Riforma pensioni 2025: tre strade percorribili, ecco le misure
La prima strada che sembra percorribile è la quota 41 per tutti. Via i vincoli di oggi della quota 41 per i precoci. Stop alle limitazioni di platea che consentono il pensionamento solo a disabili, caregivers, disoccupati e addetti ai lavori gravosi. E stop pure al vincolo dei 12 mesi di contributi accumulati già prima di aver compiuto i 19 anni di età. La quota 41 diventerebbe quindi per tutti i lavoratori. Ma solo se la misura diventa contributiva, nel senso che la prestazione verrebbe calcolata con quel penalizzante metodo basato sui contributi versati e non sulle ultime retribuzioni.

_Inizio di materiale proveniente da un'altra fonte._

(* Let $L$ spin-orbitals be indexed by $\{1,\dots,L\}$ and let $N_{\mathrm{occ}}$ be an integer with $1\le N_{\mathrm{occ}}<L$. Call an operator an o-operator if it is a creation or annihilation operator $\hat a^\dagger_p$ or $\hat a_p$ with $p\in\{1,\dots,N_{\mathrm{occ}}\}$, and a v-operator if $p\in\{N_{\mathrm{occ}}+1,\dots,L\}$. Let $n_o,n_v\geq 0$ and consider $n_o$ o-creation operators, $n_o$ o-annihilation operators, $n_v$ v-creation operators and $n_v$ v-annihilation operators, all regarded as $2n_o+2n_v$ distinct objects. Call an ordering of these operators into a chain of length $2n_o+2n_v$ admissible if both of the following hold: (a) the word obtained by reading the o-operators of the chain from left to right and replacing each o-creation operator by "(" and each o-annihilation operator by ")" is a Dyck word; (b) the word obtained by reading the v-operators of the chain from left to right and replacing each v-annihilation operator by "(" and each v-creation operator by ")" is a Dyck word. Then the number of admissible orderings is $$C_{n_o}\,C_{n_v}\,\binom{2n_o+2n_v}{2n_o}\,(n_o!)^2\,(n_v!)^2,$$ where $C_m=\frac{1}{m+1}\binom{2m}{m}$ is the $m$-th Catalan number.
   Context: A Dyck word is a finite word over $\{(,)\}$ with as many opening as closing brackets, every prefix of which contains at least as many opening as closing brackets (the empty word is a Dyck word). The reference state is the Fermi vacuum, the Slater determinant in which spin-orbitals $1,\dots,N_{\mathrm{occ}}$ are occupied and the others are empty; the pair of words in (a),(b) is the paper's "split-$\mathcal{L}_2$ translation", and the paper calls admissible chains those whose expectation value relatively to the Fermi vacuum is "possibly different from zero", since otherwise that expectation value vanishes. *)

theory Defs
  imports Main
begin

text \<open>Brackets: True stands for an opening bracket "(", False for a closing bracket ")".\<close>

definition dyck_word :: "bool list \<Rightarrow> bool" where
  "dyck_word w \<longleftrightarrow>
     length (filter (\<lambda>b. b) w) = length (filter Not w) \<and>
     (\<forall>k \<le> length w. length (filter Not (take k w)) \<le> length (filter (\<lambda>b. b) (take k w)))"

datatype opkind = OCre | OAnn | VCre | VAnn

text \<open>The 2 n_o + 2 n_v distinct operators: a kind together with an index distinguishing
  operators of the same kind.\<close>
definition operators :: "nat \<Rightarrow> nat \<Rightarrow> (opkind \<times> nat) set" where
  "operators no nv =
     {(k, i). (k = OCre \<or> k = OAnn) \<and> i < no} \<union> {(k, i). (k = VCre \<or> k = VAnn) \<and> i < nv}"

definition o_word :: "(opkind \<times> nat) list \<Rightarrow> bool list" where
  "o_word c = map (\<lambda>x. fst x = OCre) (filter (\<lambda>x. fst x = OCre \<or> fst x = OAnn) c)"

definition v_word :: "(opkind \<times> nat) list \<Rightarrow> bool list" where
  "v_word c = map (\<lambda>x. fst x = VAnn) (filter (\<lambda>x. fst x = VCre \<or> fst x = VAnn) c)"

definition admissible :: "(opkind \<times> nat) list \<Rightarrow> bool" where
  "admissible c \<longleftrightarrow> dyck_word (o_word c) \<and> dyck_word (v_word c)"

definition orderings :: "nat \<Rightarrow> nat \<Rightarrow> (opkind \<times> nat) list set" where
  "orderings no nv = {c. distinct c \<and> set c = operators no nv}"

definition catalan :: "nat \<Rightarrow> nat" where
  "catalan m = ((2 * m) choose m) div (m + 1)"

end

(* A chain is determined by three independent pieces of data: the pattern of o- and
   v-positions (a binomial coefficient), the order of the o-operators, and the order of the
   v-operators. Admissibility only constrains the two orders, and each of them is a sequence of
   n creation and n annihilation operators whose bracket word must be a Dyck word: Catalan many
   bracket words, counted through the ballot recursion, times n!^2 labellings of the brackets. *)

theory Submission
  imports Defs "HOL-Combinatorics.Multiset_Permutations"
begin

La via per rendere sostenibile il varo di questa misura prevede quindi il baratto dell’uscita anticipata con il taglio della prestazione.
La solita strada della conferma di misure in via di cessazione
Una via senza dubbio più sostenibile per le casse dello Stato sarebbe la semplice conferma della quota 103. La misura che scade alla fine del 2024 verrebbe quindi semplicemente prorogata di un anno. Parlare di riforma delle pensioni con la sola proroga di quota 103 però non è certo una cosa fattibile. Però è anche vero che le casse statali non sono floride. E soprattutto le condizioni finanziarie dell’INPS non sono buone. Anche perché, statistiche alla mano, pare che nel 2023 siano aumentati i pensionati. Ecco che i tecnici del MEF pensano che sia più semplice prevedere la conferma di un altro anno per la quota 103 rispetto al varo di quota 41 per tutti.
Le misure per quotisti, si prosegue con l’inasprimento
La quota 103 ha limiti di importo perché non può superare 4 volte il trattamento minimo. Prevede il ricalcolo contributivo della prestazione proprio come si accinge a fare l’esecutivo quando pensa alla quota 41 per tutti. Tagli di assegno quindi. Peggio ancora se invece si dà forza alla terza via, quella di quota 104. Infatti si pensa a ritoccare la quota 103, inasprendo l’età pensionabile che salirebbe dai 62 ai 63 anni. Lasciando intatto il requisito contributivo dei 41 anni. Si proseguirebbe nel trend che da anni ormai i legislatori hanno preso. Perché come tutti ricorderanno, si è arrivati a quota 103 partendo da quota 100 e poi da quota 102. Con l’età che nasceva a partire dai 62 anni, per poi passare a 64 e tornare indietro a 62. Mentre per i contributi si passò da 38 per le prime due misure ai 41 di questa in vigore oggi.